(* Assume Non-Degeneracy Assumption I, and let $U,P$ be the optimal solutions constructed from a base sequence and a nonnegative solution of the base-sequence system as in the Structure Theorem part (i). Let $\check U=\sum_n\tau_nu^n$, $\check P=\sum_n\tau_np^n$, and define $\underline{x}\in\mathbb{R}^K$, $\underline{q}\in\mathbb{R}^J$ by $$\underline{x}_k=-\min\Big\{0,\ \min_{1\le n\le N}\sum_{m=1}^n\dot x^m_k\tau_m\Big\},\qquad \underline{q}_j=-\min\Big\{0,\ \min_{1\le n\le N}\sum_{m=n}^N\dot q^m_j\tau_m\Big\}.$$ Then $(\mathbf{u}^0,\mathbf{u}^N)$ is an optimal solution of $$\max\ (\gamma+cT)^\top\mathbf{u}^0+\gamma^\top\mathbf{u}^N\ \text{ s.t. } A\mathbf{u}^0\le\beta-\underline{x},\ A\mathbf{u}^0+A\mathbf{u}^N\le\beta+bT-A\check U,\ \mathbf{u}^0,\mathbf{u}^N\ge0,$$ and $(\mathbf{p}^N,\mathbf{p}^0)$ is an optimal solution of $$\min\ (\beta+bT)^\top\mathbf{p}^N+\beta^\top\mathbf{p}^0\ \text{ s.t. } A^\top\mathbf{p}^N\ge\gamma+\underline{q},\ A^\top\mathbf{p}^N+A^\top\mathbf{p}^0\ge\gamma+cT-A^\top\check P,\ \mathbf{p}^N,\mathbf{p}^0\ge0.$$ (These two LPs are not dual to each other.)
   Context: Let $A$ be a real $K\times J$ matrix, $\beta,b\in\mathbb{R}^K$, $\gamma,c\in\mathbb{R}^J$, $T>0$. M-CLP: maximize $\int_{0-}^T(\gamma+(T-t)c)^\top dU(t)$ over nonnegative, non-decreasing, right-continuous $U:[0,T]\to\mathbb{R}^J$ with $U(0-)=0$, subject to $AU(t)\le\beta+bt$, $0\le t\le T$. M-CLP$^*$: minimize $\int_{0-}^T(\beta+(T-t)b)^\top dP(t)$ over nonnegative, non-decreasing, right-continuous $P:[0,T]\to\mathbb{R}^K$ with $P(0-)=0$, subject to $A^\top P(t)\ge\gamma+ct$. Non-Degeneracy Assumption I: $b$ is not a linear combination of fewer than $K$ columns of $[A\ I]$ and $c$ is not a linear combination of fewer than $J$ columns of $[A^\top\ I]$. Bases: index sets $\mathcal{K}\subseteq\{1..K\},\mathcal{J}\subseteq\{1..J\}$ such that $\dot x_k$ ($k\in\mathcal{K}$), $u_j$ ($j\notin\mathcal{J}$) are $K$ variables with independent columns in $[A\ I]$; primal basic solution solves $Au+\dot x=b$ with $u_j=0$ ($j\in\mathcal{J}$), $\dot x_k=0$ ($k\notin\mathcal{K}$); dual basic solution solves $A^\top p-\dot q=c$ with $p_k=0$ ($k\in\mathcal{K}$), $\dot q_j=0$ ($j\notin\mathcal{J}$). Admissible: $u,p\ge0$. Adjacent: one pivot apart, primal variable $v_n$ leaving from $B_n$ to $B_{n+1}$. A base sequence consists of admissible, consecutively adjacent bases $B_1..B_N$ (index sets $\mathcal{K}_n,\mathcal{J}_n$, rates $u^n,\dot x^n,p^n,\dot q^n$) plus index sets $\mathcal{K}_0,\mathcal{J}_0,\mathcal{K}_{N+1},\mathcal{J}_{N+1}$ with $\mathcal{K}_0\subseteq\mathcal{K}_1$, $\mathcal{J}_{N+1}\subseteq\mathcal{J}_N$. The base-sequence system in unknowns $\mathbf{u}^0,\mathbf{u}^N,q^N,\mathbf{q}^0\in\mathbb{R}^J$, $x^0,\mathbf{x}^N,\mathbf{p}^0,\mathbf{p}^N\in\mathbb{R}^K$, $\tau_1..\tau_N$, with $x^n=x^0+\sum_{m\le n}\dot x^m\tau_m$, $q^n=q^N+\sum_{m>n}\dot q^m\tau_m$, is: (a) $x^n_k=0$ if $v_n=\dot x_k$, $q^n_j=0$ if $v_n=u_j$ ($n=1..N-1$); (b) $\sum\tau_n=T$; (c) $\mathbf{u}^0_j=0$ ($j\in\mathcal{J}_0$), $x^0_k=0$ ($k\notin\mathcal{K}_0$), $\mathbf{p}^0_k=0$ ($k\in\mathcal{K}_0$), $\mathbf{q}^0_j=0$ ($j\notin\mathcal{J}_0$), $\mathbf{p}^N_k=0$ ($k\in\mathcal{K}_{N+1}$), $q^N_j=0$ ($j\notin\mathcal{J}_{N+1}$), $\mathbf{u}^N_j=0$ ($j\in\mathcal{J}_{N+1}$), $\mathbf{x}^N_k=0$ ($k\notin\mathcal{K}_{N+1}$); (d) $A\mathbf{u}^0+x^0=\beta$, $A^\top\mathbf{p}^N-q^N=\gamma$; (e) $A\mathbf{u}^N+\mathbf{x}^N-x^N=0$, $A^\top\mathbf{p}^0-\mathbf{q}^0+q^0=0$. Constructed functions: $t_n=\sum_{m\le n}\tau_m$, $u(t)=u^n$ on $(t_{n-1},t_n)$, $U(t)=\mathbf{u}^0+\int_0^tu$ ($t<T$), $U(T)=U(T-)+\mathbf{u}^N$; $p(s)=p^n$ on $(T-t_n,T-t_{n-1})$, $P(s)=\mathbf{p}^N+\int_0^sp$ ($s<T$), $P(T)=P(T-)+\mathbf{p}^0$. *)

theory Defs
  imports "HOL-Analysis.Analysis"
begin

text \<open>The matrix A is a real K x J matrix, rendered as
  A :: real^'j^'k (rows indexed by 'k, columns by 'j).
  Primal variables are encoded in the sum type 'k + 'j: Inl k stands for the
  slack rate xdot_k, Inr j stands for u_j.\<close>

definition col_AI :: "real^'j^'k \<Rightarrow> ('k + 'j) \<Rightarrow> real^'k" where
  "col_AI A v = (case v of Inl k \<Rightarrow> axis k 1 | Inr j \<Rightarrow> column j A)"

text \<open>Columns of [A^T I]: Inl j is the identity column e_j, Inr k is column k of A^T.\<close>
definition col_ATI :: "real^'j^'k \<Rightarrow> ('j + 'k) \<Rightarrow> real^'j" where
  "col_ATI A v = (case v of Inl j \<Rightarrow> axis j 1 | Inr k \<Rightarrow> column k (transpose A))"

definition nondeg_I :: "real^'j^'k \<Rightarrow> real^'k \<Rightarrow> real^'j \<Rightarrow> bool" where
  "nondeg_I A b c \<longleftrightarrow>
     (\<forall>S (w::('k + 'j) \<Rightarrow> real). card S < CARD('k) \<longrightarrow> b \<noteq> (\<Sum>v\<in>S. w v *\<^sub>R col_AI A v)) \<and>
     (\<forall>S (w::('j + 'k) \<Rightarrow> real). card S < CARD('j) \<longrightarrow> c \<noteq> (\<Sum>v\<in>S. w v *\<^sub>R col_ATI A v))"

definition basic_vars :: "'k set \<Rightarrow> 'j set \<Rightarrow> ('k + 'j) set" where
  "basic_vars Ks Js = Inl ` Ks \<union> Inr ` (- Js)"

text \<open>(Ks, Js) is a basis: the K variables xdot_k (k in Ks), u_j (j not in Js)
  have linearly independent columns in [A I].\<close>
definition is_basis :: "real^'j^'k \<Rightarrow> 'k set \<Rightarrow> 'j set \<Rightarrow> bool" where
  "is_basis A Ks Js \<longleftrightarrow> card Ks + card (- Js) = CARD('k) \<and>
     (\<forall>u xd. (\<forall>j\<in>Js. u $ j = 0) \<and> (\<forall>k. k \<notin> Ks \<longrightarrow> xd $ k = 0) \<and> A *v u + xd = 0
        \<longrightarrow> u = 0 \<and> xd = 0)"

definition primal_basic_sol :: "real^'j^'k \<Rightarrow> real^'k \<Rightarrow> 'k set \<Rightarrow> 'j set \<Rightarrow> real^'j \<Rightarrow> real^'k \<Rightarrow> bool" where
  "primal_basic_sol A b Ks Js u xd \<longleftrightarrow>
     A *v u + xd = b \<and> (\<forall>j\<in>Js. u $ j = 0) \<and> (\<forall>k. k \<notin> Ks \<longrightarrow> xd $ k = 0)"

definition dual_basic_sol :: "real^'j^'k \<Rightarrow> real^'j \<Rightarrow> 'k set \<Rightarrow> 'j set \<Rightarrow> real^'k \<Rightarrow> real^'j \<Rightarrow> bool" where
  "dual_basic_sol A c Ks Js p qd \<longleftrightarrow>
     transpose A *v p - qd = c \<and> (\<forall>k\<in>Ks. p $ k = 0) \<and> (\<forall>j. j \<notin> Js \<longrightarrow> qd $ j = 0)"

definition adjacent :: "'k set \<Rightarrow> 'j set \<Rightarrow> 'k set \<Rightarrow> 'j set \<Rightarrow> bool" where
  "adjacent Ks Js Ks' Js' \<longleftrightarrow>
     card (basic_vars Ks Js - basic_vars Ks' Js') = 1 \<and>
     card (basic_vars Ks' Js' - basic_vars Ks Js) = 1"

definition leaving :: "(nat \<Rightarrow> 'k set) \<Rightarrow> (nat \<Rightarrow> 'j set) \<Rightarrow> nat \<Rightarrow> 'k + 'j" where
  "leaving Ks Js n = the_elem (basic_vars (Ks n) (Js n) - basic_vars (Ks (Suc n)) (Js (Suc n)))"

text \<open>Base sequence B_1..B_N with index sets Ks n, Js n (n = 0..N+1) and rates
  u n, xd n, p n, qd n (n = 1..N).\<close>
definition base_sequence ::
  "real^'j^'k \<Rightarrow> real^'k \<Rightarrow> real^'j \<Rightarrow> nat \<Rightarrow> (nat \<Rightarrow> 'k set) \<Rightarrow> (nat \<Rightarrow> 'j set) \<Rightarrow>
   (nat \<Rightarrow> real^'j) \<Rightarrow> (nat \<Rightarrow> real^'k) \<Rightarrow> (nat \<Rightarrow> real^'k) \<Rightarrow> (nat \<Rightarrow> real^'j) \<Rightarrow> bool" where
  "base_sequence A b c N Ks Js u xd p qd \<longleftrightarrow>
     1 \<le> N \<and>
     (\<forall>n\<in>{1..N}. is_basis A (Ks n) (Js n) \<and>
        primal_basic_sol A b (Ks n) (Js n) (u n) (xd n) \<and>
        dual_basic_sol A c (Ks n) (Js n) (p n) (qd n) \<and>
        0 \<le> u n \<and> 0 \<le> p n) \<and>
     (\<forall>n\<in>{1..<N}. adjacent (Ks n) (Js n) (Ks (Suc n)) (Js (Suc n))) \<and>
     Ks 0 \<subseteq> Ks 1 \<and> Js (Suc N) \<subseteq> Js N"

definition xseq :: "real^'k \<Rightarrow> (nat \<Rightarrow> real^'k) \<Rightarrow> (nat \<Rightarrow> real) \<Rightarrow> nat \<Rightarrow> real^'k" where
  "xseq x0 xd \<tau> n = x0 + (\<Sum>m\<in>{1..n}. \<tau> m *\<^sub>R xd m)"

definition qseq :: "real^'j \<Rightarrow> (nat \<Rightarrow> real^'j) \<Rightarrow> (nat \<Rightarrow> real) \<Rightarrow> nat \<Rightarrow> nat \<Rightarrow> real^'j" where
  "qseq qN qd \<tau> N n = qN + (\<Sum>m\<in>{n<..N}. \<tau> m *\<^sub>R qd m)"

**What you will do:** Copy exactly the stretch of data above from the line with "Ks 0 \<subseteq>" through the line with "real^'k) \<Rightarrow> (nat \<Rightarrow> real)", and omit all other lines.

**Your solution:**
     Ks 0 \<subseteq> Ks 1 \<and> Js (Suc N) \<subseteq> Js N"

definition xseq :: "real^'k \<Rightarrow> (nat \<Rightarrow> real^'k) \<Rightarrow> (nat \<Rightarrow> real) \<Rightarrow> nat \<Rightarrow> real^'k" where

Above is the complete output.